Zayıf istibdattan sonra şiddetli istibdâda da karşı duruş
Bediüzzaman, hürriyet perdesi altında şiddetli bir istibdatı tesis etmeye çalışanları da teşhis ve tesbit etmiş olup, bunu şöyle ifade etmiş: “Şedît bir istibdâd ve tahakküm, cehalet cihetiyle şimdi hükümfermâdır. Güya istibdâd ve hafîyelik tenâsûh etmiş. Ve maksat da Sultan Abdülhamid’den istirdâd-ı hürriyet (hürriyeti geri almak) değilmiş. Belki hafif ve az istibdâdı, şiddetli ve kesretli yapmakmış.” 4 Burada da görüldüğü gibi Bediüzzaman’ın itiraz ve reddiyeleri, sadece Abdülhamid zamanında uygulanan istibdad yönetimine değil; II. Meşrûtiyet’in ilânından sonra idareye gelen İttihad ve Terakkî yönetimi için de geçerlidir. Dediğimiz gibi Bediüzzaman itiraz ve ihtarlarını şahıslar üzerinden değil, idare ve uygulamalar üzerinden yapmıştır. Bu nokta Bediüzzaman’ın çok önemli bir farkıdır. Bu farkı fark etmeyenler ya cehaletinden, ya taassubundan, yâ da siyasî tarafgirliğinden Bediüzzaman’ın hakperest duruşunu anlayamayacaktır.
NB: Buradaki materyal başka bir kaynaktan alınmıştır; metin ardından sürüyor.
instantiation quat :: "{zero, one, plus, minus, uminus, times}"
begin
definition "0 = Quat 0 0 0 0"
definition "1 = Quat 1 0 0 0"
definition "p + q = Quat (qre p + qre q) (qi p + qi q) (qj p + qj q) (qk p + qk q)"
definition "p - q = Quat (qre p - qre q) (qi p - qi q) (qj p - qj q) (qk p - qk q)"
definition "- q = Quat (- qre q) (- qi q) (- qj q) (- qk q)"
definition "p * q = Quat
   (qre p * qre q - qi p * qi q - qj p * qj q - qk p * qk q)
   (qre p * qi q + qi p * qre q + qj p * qk q - qk p * qj q)
   (qre p * qj q - qi p * qk q + qj p * qre q + qk p * qi q)
   (qre p * qk q + qi p * qj q - qj p * qi q + qk p * qre q)"
instance ..
end

instance quat :: comm_monoid_add
  by standard (simp_all add: plus_quat_def zero_quat_def algebra_simps)

definition qcnj :: "quat \<Rightarrow> quat" where
  "qcnj q = Quat (qre q) (- qi q) (- qj q) (- qk q)"

definition qnorm :: "quat \<Rightarrow> real" where
  "qnorm q = sqrt ((qre q)\<^sup>2 + (qi q)\<^sup>2 + (qj q)\<^sup>2 + (qk q)\<^sup>2)"

definition quat_of_real :: "real \<Rightarrow> quat" where
  "quat_of_real r = Quat r 0 0 0"

definition quat_of_complex :: "complex \<Rightarrow> quat" where
  "quat_of_complex z = Quat (Re z) (Im z) 0 0"

definition num_range :: "nat \<Rightarrow> (nat \<Rightarrow> nat \<Rightarrow> quat) \<Rightarrow> quat set" where
  "num_range n A = {(\<Sum>i<n. \<Sum>j<n. qcnj (x i) * A i j * x j) | x :: nat \<Rightarrow> quat.
      (\<Sum>i<n. qcnj (x i) * x i) = 1}"

definition qdisc :: "quat \<Rightarrow> real \<Rightarrow> quat set" where
  "qdisc c r = {q. qnorm (q - c) \<le> r}"
(* Let $G=(V,E)$ be a simple, connected graph with maximum degree $\Delta$, and let $V = A \cup B \cup C$ be a partition into pairwise disjoint sets ($C$ possibly empty) satisfying: (1) every $v \in A$ satisfies $d_B(v) \geq d_A(v) + \max\{1, d_C(v)\}$; (2) every $v \in B$ satisfies $d_A(v) \geq d_B(v) + \max\{1, d_C(v)\}$; (3) $d_C(v) = 0$ for all $v \in C$; (4) every $v \in C$ satisfies $d_A(v) = d_B(v)$; (5) $\# E(A \cup B, C) + 2\# E(A,A) + 2\# E(B,B) \leq 2\# E(A,B)$. Then $$\# E(A \cup C, B) \geq \left(\frac{1}{2} + \frac{1}{3\Delta}\right)\textsc{MaxCut}(G).$$
   Context: For a vertex $v$ and a set $S \subseteq V$, $d_S(v)$ denotes the number of neighbors of $v$ in $S$. For disjoint $X,Y \subseteq V$, $\# E(X,Y)$ is the number of edges with one endpoint in $X$ and the other in $Y$; $\# E(X,X)$ is the number of edges with both endpoints in $X$. $\textsc{MaxCut}(G) = \max \# E(X,Y)$ over all partitions $V = X \cup Y$ into disjoint sets. *)

theory Defs
  imports Complex_Main
begin

definition simple_graph :: "'a set \<Rightarrow> 'a set set \<Rightarrow> bool" where
  "simple_graph V E \<longleftrightarrow> finite V \<and> (\<forall>e\<in>E. e \<subseteq> V \<and> card e = 2)"

definition adj_rel :: "'a set set \<Rightarrow> ('a \<times> 'a) set" where
  "adj_rel E = {(u, v). {u, v} \<in> E}"

definition connected_graph :: "'a set \<Rightarrow> 'a set set \<Rightarrow> bool" where
  "connected_graph V E \<longleftrightarrow> V \<noteq> {} \<and> (\<forall>u\<in>V. \<forall>v\<in>V. (u, v) \<in> (adj_rel E)\<^sup>*)"

definition deg_in :: "'a set set \<Rightarrow> 'a set \<Rightarrow> 'a \<Rightarrow> nat" where
  "deg_in E S v = card {u \<in> S. {u, v} \<in> E}"

definition max_degree :: "'a set \<Rightarrow> 'a set set \<Rightarrow> nat" where
  "max_degree V E = Max ((\<lambda>v. deg_in E V v) ` V)"

definition num_edges :: "'a set set \<Rightarrow> 'a set \<Rightarrow> 'a set \<Rightarrow> nat" where
  "num_edges E X Y = card {e \<in> E. \<exists>x\<in>X. \<exists>y\<in>Y. e = {x, y}}"

definition max_cut :: "'a set \<Rightarrow> 'a set set \<Rightarrow> nat" where
  "max_cut V E = Max ((\<lambda>X. num_edges E X (V - X)) ` Pow V)"

end

theory Submission
  imports Defs
begin

text \<open>Write \<open>p = #E(A,B)\<close>, \<open>s = #E(A,C) = #E(B,C)\<close> (vertices of \<open>C\<close> have as many
  neighbours in \<open>A\<close> as in \<open>B\<close>), and \<open>a, b\<close> for twice the number of edges inside \<open>A\<close> and
  inside \<open>B\<close>. Double counting gives \<open>2|E| = a + b + 2p + 4s\<close>, and the cut \<open>(A \<union> C, B)\<close> has
  \<open>p + s\<close> edges, so \<open>4(p + s) = 2|E| + y\<close> with \<open>y = 2p - a - b\<close>; as \<open>MaxCut \<le> |E|\<close>, it
  suffices to show \<open>4|E| \<le> 3\<Delta>y\<close>. Summing conditions (1) and (2) gives \<open>y \<ge> |A| + |B|\<close> and
  \<open>y \<ge> 2s\<close>, and summing degrees over \<open>A \<union> B\<close> gives \<open>2|E| - 2s \<le> \<Delta>(|A| + |B|) \<le> \<Delta>y\<close>.
  If \<open>\<Delta> \<ge> 2\<close>, then also \<open>4s \<le> \<Delta>y\<close> and the two bounds add up to \<open>4|E| \<le> 3\<Delta>y\<close>; if
  \<open>\<Delta> = 1\<close>, no vertex of \<open>C\<close> has a neighbour, so \<open>s = 0\<close>.\<close>

definition deg_sum :: "'a set set \<Rightarrow> 'a set \<Rightarrow> 'a set \<Rightarrow> nat" where
  "deg_sum E X Y = (\<Sum>u\<in>X. deg_in E Y u)"

lemma simple_graph_finite_edges: "simple_graph V E \<Longrightarrow> finite E"
  unfolding simple_graph_def by (meson PowI finite_Pow_iff finite_subset subsetI)

lemma simple_graph_edgeD: "simple_graph V E \<Longrightarrow> {u, v} \<in> E \<Longrightarrow> u \<noteq> v \<and> u \<in> V \<and> v \<in> V"
  unfolding simple_graph_def by (cases "u = v") auto

lemma deg_in_eq_card_edges: "deg_in E Y u = card {e \<in> E. \<exists>v\<in>Y. e = {v, u}}"
proof -
  have "inj_on (\<lambda>v. {v, u}) {v \<in> Y. {v, u} \<in> E}"
    by (rule inj_onI) (simp add: doubleton_eq_iff, blast)
  moreover have "(\<lambda>v. {v, u}) ` {v \<in> Y. {v, u} \<in> E} = {e \<in> E. \<exists>v\<in>Y. e = {v, u}}"
    by blast
  ultimately show ?thesis
    unfolding deg_in_def by (simp flip: card_image)
qed

lemma deg_in_Un:
  assumes "finite Y\<^sub>1" "finite Y\<^sub>2" "Y\<^sub>1 \<inter> Y\<^sub>2 = {}"
  shows "deg_in E (Y\<^sub>1 \<union> Y\<^sub>2) u = deg_in E Y\<^sub>1 u + deg_in E Y\<^sub>2 u"
proof -
  have "{v \<in> Y\<^sub>1 \<union> Y\<^sub>2. {v, u} \<in> E} = {v \<in> Y\<^sub>1. {v, u} \<in> E} \<union> {v \<in> Y\<^sub>2. {v, u} \<in> E}"
    by blast
  then show ?thesis
    unfolding deg_in_def using assms by (simp only:) (rule card_Un_disjoint; auto)
qed

lemma deg_sum_Un_left:
  "finite X\<^sub>1 \<Longrightarrow> finite X\<^sub>2 \<Longrightarrow> X\<^sub>1 \<inter> X\<^sub>2 = {} \<Longrightarrow>
    deg_sum E (X\<^sub>1 \<union> X\<^sub>2) Y = deg_sum E X\<^sub>1 Y + deg_sum E X\<^sub>2 Y"
  unfolding deg_sum_def by (simp add: sum.union_disjoint)

lemma deg_sum_commute: "finite X \<Longrightarrow> finite Y \<Longrightarrow> deg_sum E X Y = deg_sum E Y X"
  unfolding deg_sum_def deg_in_def
  by (rule sum_multicount_gen) (simp_all add: insert_commute)

lemma deg_sum_eq_sum_edges:
  assumes "finite X" "finite E"
  shows "deg_sum E X Y = (\<Sum>e\<in>E. card {u \<in> X. \<exists>v\<in>Y. e = {v, u}})"
  unfolding deg_sum_def deg_in_eq_card_edges
  by (rule sum_multicount_gen[OF assms]) simp

lemma deg_sum_vertices:
  assumes simple: "simple_graph V E"
  shows "deg_sum E V V = 2 * card E"
proof -
  have edge_endpoints: "{u \<in> V. \<exists>v\<in>V. e = {v, u}} = e" if "e \<in> E" for e
  proof -
    obtain x y where "e = {x, y}" "x \<noteq> y"
      using simple \<open>e \<in> E\<close> unfolding simple_graph_def by (meson card_2_iff)
    then show ?thesis
      using simple_graph_edgeD[OF simple] \<open>e \<in> E\<close> by auto
  qed
  have "finite V" "finite E"
    using simple simple_graph_finite_edges unfolding simple_graph_def by auto
  then have "deg_sum E V V = (\<Sum>e\<in>E. card {u \<in> V. \<exists>v\<in>V. e = {v, u}})"
    by (rule deg_sum_eq_sum_edges)
  also have "\<dots> = (\<Sum>e\<in>E. 2)"
    using simple edge_endpoints unfolding simple_graph_def by (intro sum.cong) auto
  finally show ?thesis
    by simp
qed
Bediüzzaman gazete lisânıyla Abdülhamid’e sesleniyor
Bediüzzaman’ın bir diğer değerlendirmesi de: “Daire-i İslâm’ın merkezi ve râbıtası olan nokta-i hilâfeti elinden kaçırmamak fikriyle ve sâbık Sultan merhûm Abdülhamid Han Hazretleri sâbık içtimâî kusûratını derk ile nedâmet ederek kabûl-ü nasihate isti’dâd kesbetmiş zannıyla ve “Aslâh tarik musalâhadır” 5 mülâhazasıyla, şimdiki en çok ağraz ve infiâlâta mebde ve tohum olan bu vukû’â gelen şiddet sûretini dahâ ahsen sûrette düşündüğümden, merhûm Sultan-ı sâbıka (Sultan Abdülhamid’e) ceride lisânıyla söyledim ki: Münhasif Yıldızı darülfünûn et, tâ Süreyya kadar âli olsun. Ve oraya seyyâhlar, zebânîler yerine ehl-i hakîkat melâike-i rahmeti yerleştir, tâ Cennet gibi olsun. Ve Yıldız’daki milletin sana hediye ettiği servetini, milletin baş hastalığı olan cehaletini tedâvî için büyük dînî darülfünûnlara sarf ile millete iâde et. Ve milletin mürüvvet ve muhabbetine i’timâd et. Zirâ’, senin şâhâne idârene millet mütekeffildir. Bu ömürden sonra sırf âhireti düşünmek lâzım. Dünya seni terk etmeden evvel sen dünyayı terk et. Zekâtü’l-ömrü ömr-ü sâni yolunda sarf eyle. Şimdi muvâzene edelim: Yıldız eğlence yeri olmalı veya darülfünûn olmalı? Ve içinde seyyâhlar gezmeli veya ulemâ tedrîs etmeli? Ve gasp edilmiş olmalı veyahut hediye edilmiş olmalı? Hangisi dahâ iyidir? İnsaf sahipleri hükmetsin.” 6 Burada da ifade edildiği üzere Bediüzzaman, Abdülhamid Han’a yol gösteriyor, onun içtimâî kusurunu derk edip, nasihatı kabul edebilir ümidiyle gazete lisânıyla telkinatlarda bulunduğunu ifade ediyor. Yeni yönetim şekli olan meşrûti idare sonrası çıkış reçetesi mesabesinde olan önemli tavsiyelerde bulunuyor. Yıldız Sarayı’nı din ve fen ilimleri okutulan bir üniversiteye çevrilmesi konusundaki ısrarını bu defa gazete yazılarıyla ona ulaştırmak istiyor. Milletin asıl hastalığı olan cehaletin ancak bu şekilde izale olunacağını, milletin kalb hastalığının dinî zafiyet olduğunu ve bunun tedavi edilerek ancak kurtulabileceğini anlatıyor. Böylece hem Şark’ın, hem de İstanbul ve Anadolu’nun ihya olabileceğini karşılıklı müsbet ve menfî muvazenelerle ifade ediyor.
Dipnotlar:
1- Eski Saîd Dönemi Eserleri (Divan-ı Harbi Örfi), 2013, s. 117. 2- Eski Saîd Dönemi Eserleri (Divan-ı Harbi Örfi), 2009, s. 136. 3- Eski Saîd Dönemi Eserleri Münâzarât), 2009, s. 289. 4- Eski Saîd Dönemi Eserleri (Divan-ı Harbi Örfi), 2009, s. 144. 5- En güzel yol barıştır. 6- Eski Saîd Dönemi Eserleri (Divan-ı Harbi örfi), 2009, s. 134-135.